Member of the New Hampshire House of Representatives Rockingham 18th (2006–2010) Rockingham 24th (2012–2016)
- In office 2006–2010
- In office 2012–2016

Personal details
- Born: Hanover, New Hampshire, U.S.
- Party: Democratic
- Spouse: Nancy Borden
- Education: University of Colorado

= David Borden (politician) =

American politician

David A. Borden is a Democratic former member of the New Hampshire House of Representatives who represented the Rockingham 18th district from 2006 to 2010 and the Rockingham 24th district from 2012 to 2016.

David Borden was born in New Hampshire and raised on a farm in Vermont. He attended undergraduate and graduate studies at the University of Colorado and Columbia University after serving as an infantry medic in the US Army's 10th Mountain Division.

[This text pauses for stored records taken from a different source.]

(* Let $A\in\mathbb{R}^{nm\times nm}$, let $x=\operatorname{vec}(X)\in S^{nm-1}\cap\mathcal{M}_r$ with thin SVD $X=USV^\top$ ($U^\top U=I_r$, $V^\top V=I_r$, $S$ diagonal positive), and set $\mathfrak{R}(x)=x^\top Ax$, $C=A-\mathfrak{R}(x)I_{nm}$. Let $U_\xi\in\mathbb{R}^{n\times r}$, $V_\xi\in\mathbb{R}^{m\times r}$, $S_\xi\in\mathbb{R}^{r\times r}$ and $\xi=\operatorname{vec}(U_\xi V^\top+UV_\xi^\top+US_\xi V^\top)$, and put \[ \tau_\xi=\begin{bmatrix}\operatorname{vec}(U_\xi)\\ \operatorname{vec}(V_\xi^\top)\\ \operatorname{vec}(S_\xi)\end{bmatrix}\in\mathbb{R}^{nr+mr+r^2}. \] Then the following are equivalent: (a) $U^\top U_\xi=0$, $V^\top V_\xi=0$, $\operatorname{vec}(S_\xi)^\top\operatorname{vec}(S)=0$, and \[ (I-xx^\top)\,\mathrm{P}_{T_X\mathcal{M}_r}\,C\,\mathrm{P}_{T_X\mathcal{M}_r}\,(I-xx^\top)\,\xi=-\mathrm{P}_{T_X\mathcal{M}_r}(I-xx^\top)Ax; \] (b) $B^\top\tau_\xi=0$ and \[ (I-BB^\top)\,C_{\mathrm{loc}}\,(I-BB^\top)\,\tau_\xi=-(I-BB^\top)\,g, \] where \[ B=\begin{bmatrix} I_r\otimes U&0&0\\ 0&V\otimes I_r&0\\ 0&0&\operatorname{vec}(S)\end{bmatrix},\quad C_{\mathrm{loc}}=\begin{bmatrix}C_{v,v}&C_{v,u}&C_{v,vu}\\ C_{u,v}&C_{u,u}&C_{u,vu}\\ C_{vu,v}&C_{vu,u}&C_{vu,vu}\end{bmatrix},\quad g=\begin{bmatrix}A_{v,v}\operatorname{vec}(US)\\ A_{u,u}\operatorname{vec}(SV^\top)\\ A_{vu,vu}\operatorname{vec}(S)\end{bmatrix}. \]
   Context: $\operatorname{vec}$ is columnwise reshaping, so $\operatorname{vec}(ABC)=(C^\top\otimes A)\operatorname{vec}(B)$. $\mathcal{M}_r$ is the manifold of (vectorized) $n\times m$ matrices of rank exactly $r$, $S^{nm-1}$ the unit sphere in $\mathbb{R}^{nm}$, and $\mathrm{P}_{T_X\mathcal{M}_r}=VV^\top\otimes UU^\top+VV^\top\otimes(I_n-UU^\top)+(I_m-VV^\top)\otimes UU^\top$ is the orthogonal projection onto the tangent space of $\mathcal{M}_r$ at $X$. Define $E_v=V\otimes I_n\in\mathbb{R}^{nm\times nr}$, $E_u=I_m\otimes U\in\mathbb{R}^{nm\times mr}$, $E_{vu}=V\otimes U\in\mathbb{R}^{nm\times r^2}$, and for any $M\in\mathbb{R}^{nm\times nm}$ and $a,b\in\{v,u,vu\}$ set $M_{a,b}=E_a^\top M E_b$ (e.g. $M_{v,v}=(V^\top\otimes I_n)M(V\otimes I_n)$, $M_{v,u}=(V^\top\otimes I_n)M(I_m\otimes U)$, $M_{v,vu}=(V^\top\otimes I_n)M(V\otimes U)$, $M_{u,u}=(I_m\otimes U^\top)M(I_m\otimes U)$, $M_{vu,vu}=(V^\top\otimes U^\top)M(V\otimes U)$). Note $\|\operatorname{vec}(S)\|=\|x\|=1$, so $B$ has orthonormal columns. *)

theory Defs
  imports "Jordan_Normal_Form.Matrix"
begin

text \<open>Column-wise vectorization: an n x m matrix becomes an (n*m) x 1 column matrix,
  entry k = i + n*j holds X(i,j).\<close>
definition vecm :: "real mat \<Rightarrow> real mat" where
  "vecm X = mat (dim_row X * dim_col X) 1 (\<lambda>(k,_). X $$ (k mod dim_row X, k div dim_row X))"

text \<open>Kronecker product (standard convention, so vec(ABC) = (C^T kron A) vec(B)).\<close>
definition kron :: "real mat \<Rightarrow> real mat \<Rightarrow> real mat" where
  "kron A B = mat (dim_row A * dim_row B) (dim_col A * dim_col B)
     (\<lambda>(i,j). A $$ (i div dim_row B, j div dim_col B) * B $$ (i mod dim_row B, j mod dim_col B))"

definition vstack :: "real mat \<Rightarrow> real mat \<Rightarrow> real mat" where
  "vstack a b = four_block_mat a (0\<^sub>m (dim_row a) 0) b (0\<^sub>m (dim_row b) 0)"

definition hstack :: "real mat \<Rightarrow> real mat \<Rightarrow> real mat" where
  "hstack a b = four_block_mat a b (0\<^sub>m 0 (dim_col a)) (0\<^sub>m 0 (dim_col b))"

definition block3 :: "real mat \<Rightarrow> real mat \<Rightarrow> real mat \<Rightarrow> real mat \<Rightarrow> real mat \<Rightarrow> real mat
    \<Rightarrow> real mat \<Rightarrow> real mat \<Rightarrow> real mat \<Rightarrow> real mat" where
  "block3 M11 M12 M13 M21 M22 M23 M31 M32 M33 =
     four_block_mat (four_block_mat M11 M12 M21 M22) (vstack M13 M23) (hstack M31 M32) M33"

definition stack3 :: "real mat \<Rightarrow> real mat \<Rightarrow> real mat \<Rightarrow> real mat" where
  "stack3 a b c = vstack (vstack a b) c"

definition tangent_proj :: "nat \<Rightarrow> nat \<Rightarrow> real mat \<Rightarrow> real mat \<Rightarrow> real mat" where
  "tangent_proj n m U V =
     kron (V * transpose_mat V) (U * transpose_mat U)
   + kron (V * transpose_mat V) (1\<^sub>m n - U * transpose_mat U)
   + kron (1\<^sub>m m - V * transpose_mat V) (U * transpose_mat U)"

text \<open>Local blocks M_{a,b} = E_a^T M E_b with E_v = V kron I_n, E_u = I_m kron U, E_vu = V kron U.\<close>
definition Ev :: "nat \<Rightarrow> real mat \<Rightarrow> real mat" where "Ev n V = kron V (1\<^sub>m n)"
definition Eu :: "nat \<Rightarrow> real mat \<Rightarrow> real mat" where "Eu m U = kron (1\<^sub>m m) U"
definition Evu :: "real mat \<Rightarrow> real mat \<Rightarrow> real mat" where "Evu U V = kron V U"

definition loc_block :: "real mat \<Rightarrow> real mat \<Rightarrow> real mat \<Rightarrow> real mat" where
  "loc_block Ea M Eb = transpose_mat Ea * M * Eb"

end

theory Submission
  imports Defs
begin

text \<open>Under the gauge conditions, which say exactly that \<open>B\<^sup>T \<tau> = 0\<close>, the vector \<open>\<xi>\<close> is tangent
  and orthogonal to \<open>x\<close>, and \<open>\<tau>\<close> is fixed by \<open>I - B B\<^sup>T\<close>. Both equations then state that the
  single vector \<open>w = C \<xi> + A x\<close> has no normal component, once in ambient coordinates
  (\<open>(I - x x\<^sup>T) P w = 0\<close>) and once in the local coordinates
  \<open>(E\<^sub>v\<^sup>T w, E\<^sub>u\<^sup>T w, E\<^sub>v\<^sub>u\<^sup>T w)\<close>. Writing \<open>w = vec W\<close>, each of these is equivalent to the three
  matrix identities \<open>W V = U U\<^sup>T W V\<close>, \<open>U\<^sup>T W = U\<^sup>T W V V\<^sup>T\<close> and \<open>U\<^sup>T W V = \<langle>S, U\<^sup>T W V\<rangle> S\<close>.\<close>

lemma mult_assoc_dims:
  "dim_col A = dim_row B \<Longrightarrow> dim_col B = dim_row C \<Longrightarrow> (A :: 'a :: semiring_0 mat) * B * C = A * (B * C)"
  by (rule assoc_mult_mat[of A "dim_row A" "dim_col A" B "dim_col B" C "dim_col C"]) auto

lemma mult_add_distrib_dims:
  "dim_col A = dim_row B \<Longrightarrow> dim_row B = dim_row C \<Longrightarrow> dim_col B = dim_col C \<Longrightarrow>
   (A :: 'a :: semiring_0 mat) * (B + C) = A * B + A * C"
  by (rule mult_add_distrib_mat[of A "dim_row A" "dim_col A" B "dim_col B"]) auto

lemma add_mult_distrib_dims:
  "dim_row A = dim_row B \<Longrightarrow> dim_col A = dim_col B \<Longrightarrow> dim_col B = dim_row C \<Longrightarrow>
   ((A :: 'a :: semiring_0 mat) + B) * C = A * C + B * C"
  by (rule add_mult_distrib_mat[of A "dim_row A" "dim_col A" B C "dim_col C"]) auto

Following graduate studies, he worked as a training officer for the Peace Corps and as a community development specialist until he and his family formed Victoria International Corporation (VIC). VIC has supervised the training for 80 hotel openings in 30 countries and has helped improve customer service in over 400 other institutions including the Harvard teaching hospitals, Dartmouth–Hitchcock Medical Center and various transportation companies. In conjunction with Singapore Airlines, VIC also designed the training courses for Singapore Service Quality Centre which has trained several hundred thousand service workers in Asia.

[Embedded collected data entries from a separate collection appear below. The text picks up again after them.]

lemma face_perm_splice:
  assumes \<alpha>: "\<alpha> \<in> D'" and \<beta>: "\<beta> \<in> D'"
  shows "face_perm (\<sigma> \<circ> Transposition.transpose y \<beta> \<circ> Transposition.transpose x \<alpha>) (insert e E) =
    face_perm \<sigma> (insert e E) \<circ> Transposition.transpose x (dart_flip \<beta>)
      \<circ> Transposition.transpose y (dart_flip \<alpha>)"
    (is "?lhs = ?rhs")
proof
  fix z
  let ?w = "Transposition.transpose x (dart_flip \<beta>) (Transposition.transpose y (dart_flip \<alpha>) z)"
  have flips: "dart_flip \<alpha> \<in> D'" "dart_flip \<beta> \<in> D'"
    using \<alpha> \<beta> by simp_all
  show "?lhs z = ?rhs z"
  proof (cases "z \<in> D'")
    case True
    have "?w \<in> D'"
      using True flips new_darts by (simp add: transpose_def)
    moreover have "dart_flip ?w = Transposition.transpose y \<beta> (Transposition.transpose x \<alpha> (dart_flip z))"
      by (simp add: dart_flip_transpose)
    ultimately show ?thesis
      using True by (simp add: face_perm_def)
  next
    case False
    then have "?w = z"
      using flips new_darts by (metis transpose_apply_other)
    then show ?thesis
      using False by (simp add: face_perm_def)
  qed
qed

end

text \<open>Splicing the darts of a new edge e into a rotation system \<sigma> of E: x is placed right
  after \<alpha> and y right after \<beta> in the cyclic orders at the ends of e.\<close>

locale dart_insertion = edge_insertion +
  fixes \<sigma> and \<alpha> \<beta>
  assumes rotation: "rotation_system E ends \<sigma>"
    and \<alpha>_dart: "\<alpha> \<in> D'" and \<alpha>_vertex: "vt \<alpha> = u"
    and \<alpha>_alone: "\<alpha> = x \<Longrightarrow> \<forall>d \<in> D' - {x}. vt d \<noteq> u"
    and \<beta>_dart: "\<beta> \<in> D'" and \<beta>_vertex: "vt \<beta> = v" and \<beta>_ne_x: "\<beta> \<noteq> x"
    and \<beta>_alone: "\<beta> = y \<Longrightarrow> \<forall>d \<in> D. vt d \<noteq> v"
begin

abbreviation "\<sigma>\<^sub>y \<equiv> \<sigma> \<circ> Transposition.transpose y \<beta>"
abbreviation "\<sigma>' \<equiv> \<sigma>\<^sub>y \<circ> Transposition.transpose x \<alpha>"

lemma \<sigma>_permutes: "\<sigma> permutes D"
  by (rule rotation_system_permutes[OF rotation])

lemmas \<sigma>_new_darts = permutes_new_darts[OF \<sigma>_permutes]

lemma \<sigma>\<^sub>y_permutes: "\<sigma>\<^sub>y permutes D'"
  using \<sigma>_new_darts(1) new_darts(4) \<beta>_dart by (rule permutes_comp_transpose)

lemma \<sigma>\<^sub>y_x: "\<sigma>\<^sub>y x = x"
  using \<beta>_ne_x \<sigma>_new_darts(2) by (simp add: transpose_def)

lemma splice_permutes: "\<sigma>' permutes D'"
  using \<sigma>\<^sub>y_permutes new_darts(3) \<alpha>_dart by (rule permutes_comp_transpose)

lemmas orbit_insert_y = orbit_insert_fixed_point[OF \<sigma>_new_darts(1) finite_darts(2) \<sigma>_new_darts(3) new_darts(4) \<beta>_dart]
lemmas orbit_insert_x = orbit_insert_fixed_point[OF \<sigma>\<^sub>y_permutes finite_darts(2) \<sigma>\<^sub>y_x new_darts(3) \<alpha>_dart]

lemma splice_vertex:
  assumes "z \<in> D'"
  shows "vt (\<sigma>' z) = vt z"
proof -
  have \<sigma>_vertex: "vt (\<sigma> w) = vt w" for w
  proof (cases "w \<in> D")
    case False
    then show ?thesis using permutes_not_in[OF \<sigma>_permutes] by simp
  qed (rule rotation_system_vertex[OF rotation])
  have "vt (\<sigma>' z) = vt (Transposition.transpose y \<beta> (Transposition.transpose x \<alpha> z))"
    by (simp add: \<sigma>_vertex)
  also have "\<dots> = vt (Transposition.transpose x \<alpha> z)"
    using \<beta>_vertex by (intro vertex_transpose) simp
  also have "\<dots> = vt z"
    using \<alpha>_vertex by (intro vertex_transpose) simp
  finally show ?thesis .
qed

lemma rotation_system_splice: "rotation_system (insert e E) ends \<sigma>'"
  unfolding rotation_system_def
proof (intro conjI ballI splice_permutes)
  let ?linked = "\<lambda>a b. b \<in> orbit \<sigma>' a"
  have refl: "?linked a a" for a
    by (rule permutes_self_in_orbit[OF splice_permutes finite_darts(2)])
  have sym: "?linked b a" if "?linked a b" for a b
    using that by (rule permutes_orbit_sym[OF splice_permutes finite_darts(2)])
  have trans: "?linked a c" if "?linked a b" "?linked b c" for a b c
    using that orbit_trans by metis
  have old: "?linked a b" if "a \<in> D" "b \<in> D" "vt a = vt b" for a b
  proof -
    have "b \<in> orbit \<sigma> a"
      using that rotation_system_orbit[OF rotation, of a] by simp
    then show ?thesis
      by (intro orbit_insert_x(3) orbit_insert_y(3))
  qed
  have x_\<alpha>: "?linked x \<alpha>"
    unfolding orbit_insert_x(1) using permutes_self_in_orbit[OF \<sigma>\<^sub>y_permutes finite_darts(2)]
    by blast
  have y_\<beta>: "?linked y \<beta>"
  proof (rule orbit_insert_x(3))
    show "\<beta> \<in> orbit \<sigma>\<^sub>y y"
      unfolding orbit_insert_y(1) using permutes_self_in_orbit[OF \<sigma>_new_darts(1) finite_darts(2)]
      by blast
  qed
  have y_old: "?linked y d" if d: "d \<in> D" "vt d = v" for d
  proof -
    have "\<beta> \<noteq> y"
      using \<beta>_alone d by blast
    then have "?linked \<beta> d"
      using d \<beta>_vertex \<beta>_dart \<beta>_ne_x old_dart_iff by (intro old) simp_all
    with y_\<beta> show ?thesis by (rule trans)
  qed
  have \<alpha>_ne_x: "\<alpha> \<noteq> x" if "d \<in> D' - {x}" "vt d = u" for d
    using \<alpha>_alone that by blast
  have x_old: "?linked x d" if d: "d \<in> D" "vt d = u" for d
  proof (cases "\<alpha> = y")
    case True
    have "?linked x y"
      using x_\<alpha> True by simp
    moreover have "?linked y d"
      using y_old d \<alpha>_vertex True by simp
    ultimately show ?thesis by (rule trans)
  next
    case False
    moreover have "\<alpha> \<noteq> x"
      using \<alpha>_ne_x d old_dart_iff by blast
    ultimately have "?linked \<alpha> d"
      using d \<alpha>_vertex \<alpha>_dart old_dart_iff by (intro old) simp_all
    with x_\<alpha> show ?thesis by (rule trans)
  qed
  have x_y: "?linked x y" if uv: "u = v"
  proof (cases "\<alpha> = y")
    case False
    moreover have "\<alpha> \<noteq> x"
      using \<alpha>_ne_x[of y] uv new_darts by simp
    ultimately have "?linked \<alpha> y"
      using sym y_old uv \<alpha>_vertex \<alpha>_dart old_dart_iff by simp
    with x_\<alpha> show ?thesis by (rule trans)
  qed (use x_\<alpha> in simp)
  have at_u: "?linked x w" if "w \<in> D'" "vt w = u" for w
    using that refl x_y x_old old_dart_iff by (cases "w = x \<or> w = y") auto
  have at_v: "?linked y w" if "w \<in> D'" "vt w = v" for w
    using that refl sym[OF x_y] y_old old_dart_iff by (cases "w = x \<or> w = y") auto
  fix d assume d: "d \<in> D'"
  have "z \<in> D' \<and> vt z = vt d" if "z \<in> orbit \<sigma>' d" for z
    using splice_permutes splice_vertex d that by (rule permutes_orbit_invariant)
  moreover have "?linked d z" if z: "z \<in> D'" "vt z = vt d" for z
  proof -
    consider "vt d = u" | "vt d = v" | "vt d \<noteq> u" "vt d \<noteq> v"
      by blast
    then show ?thesis
    proof cases
      case 1
      then have "?linked x d" "?linked x z"
        using at_u d z by simp_all
      then show ?thesis using trans[OF sym] by blast
    next
      case 2
      then have "?linked y d" "?linked y z"
        using at_v d z by simp_all
      then show ?thesis using trans[OF sym] by blast
    next
      case 3
      then have "d \<noteq> x" "d \<noteq> y" "z \<noteq> x" "z \<noteq> y"
        using z(2) by auto
      then have "d \<in> D" "z \<in> D"
        using d z(1) by (simp_all add: old_dart_iff)
      then show ?thesis using z(2) by (intro old) simp_all
    qed
  qed
  ultimately show "orbit \<sigma>' d = {d' \<in> D'. vt d' = vt d}"
    by blast
qed

end

lemma card_Diff_pair:
  assumes "finite A" "u \<noteq> v"
  shows "card (A - {u, v}) + of_bool (u \<in> A) + of_bool (v \<in> A) = card A"
proof -
  have "card (A - {u, v}) = card A - card (A \<inter> {u, v})"
    by (rule card_Diff_subset_Int) simp
  moreover have "card (A \<inter> {u, v}) = of_bool (u \<in> A) + of_bool (v \<in> A)"
    using assms(2) by (cases "u \<in> A"; cases "v \<in> A") (simp_all add: Int_insert_right)
  moreover have "card (A \<inter> {u, v}) \<le> card A"
    using assms(1) by (intro card_mono) auto
  ultimately show ?thesis by linarith
qed

context dart_insertion
begin

abbreviation "\<phi> \<equiv> face_perm \<sigma> (insert e E)"
abbreviation "\<psi> \<equiv> \<phi> \<circ> Transposition.transpose x (dart_flip \<beta>)"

Borden has served on the boards of the New Hampshire Rivers Council, River Network, and Southeast Land Trust of New Hampshire and currently serves on the board of Sustainable Harvest International.

Elected to the New Hampshire State Legislature in 2006, he served as clerk on the Science, Technology and Energy Committee and as a member of the state's Energy Efficiency and Sustainable Energy Board, where he chaired a committee on reduction of energy at the municipal level. He also co-chaired an effort to improve the legislative rule-making process. Additionally, he was appointed to the New Hampshire Storm Water Commission and the Agriculture and Energy Committee of the National Conference of State legislators by House Speaker Terie Norelli.

He served as chair of the New Hampshire State Biodiesel Commission until it was eliminated as part of his effort to create a leaner state government. David is working as a volunteer in an effort to improve customer service and reduce bureaucracy in the legislative and executive branches of the New Hampshire state government.

In his hometown of New Castle, where he lives with his Nancy, he serves on several municipal committees.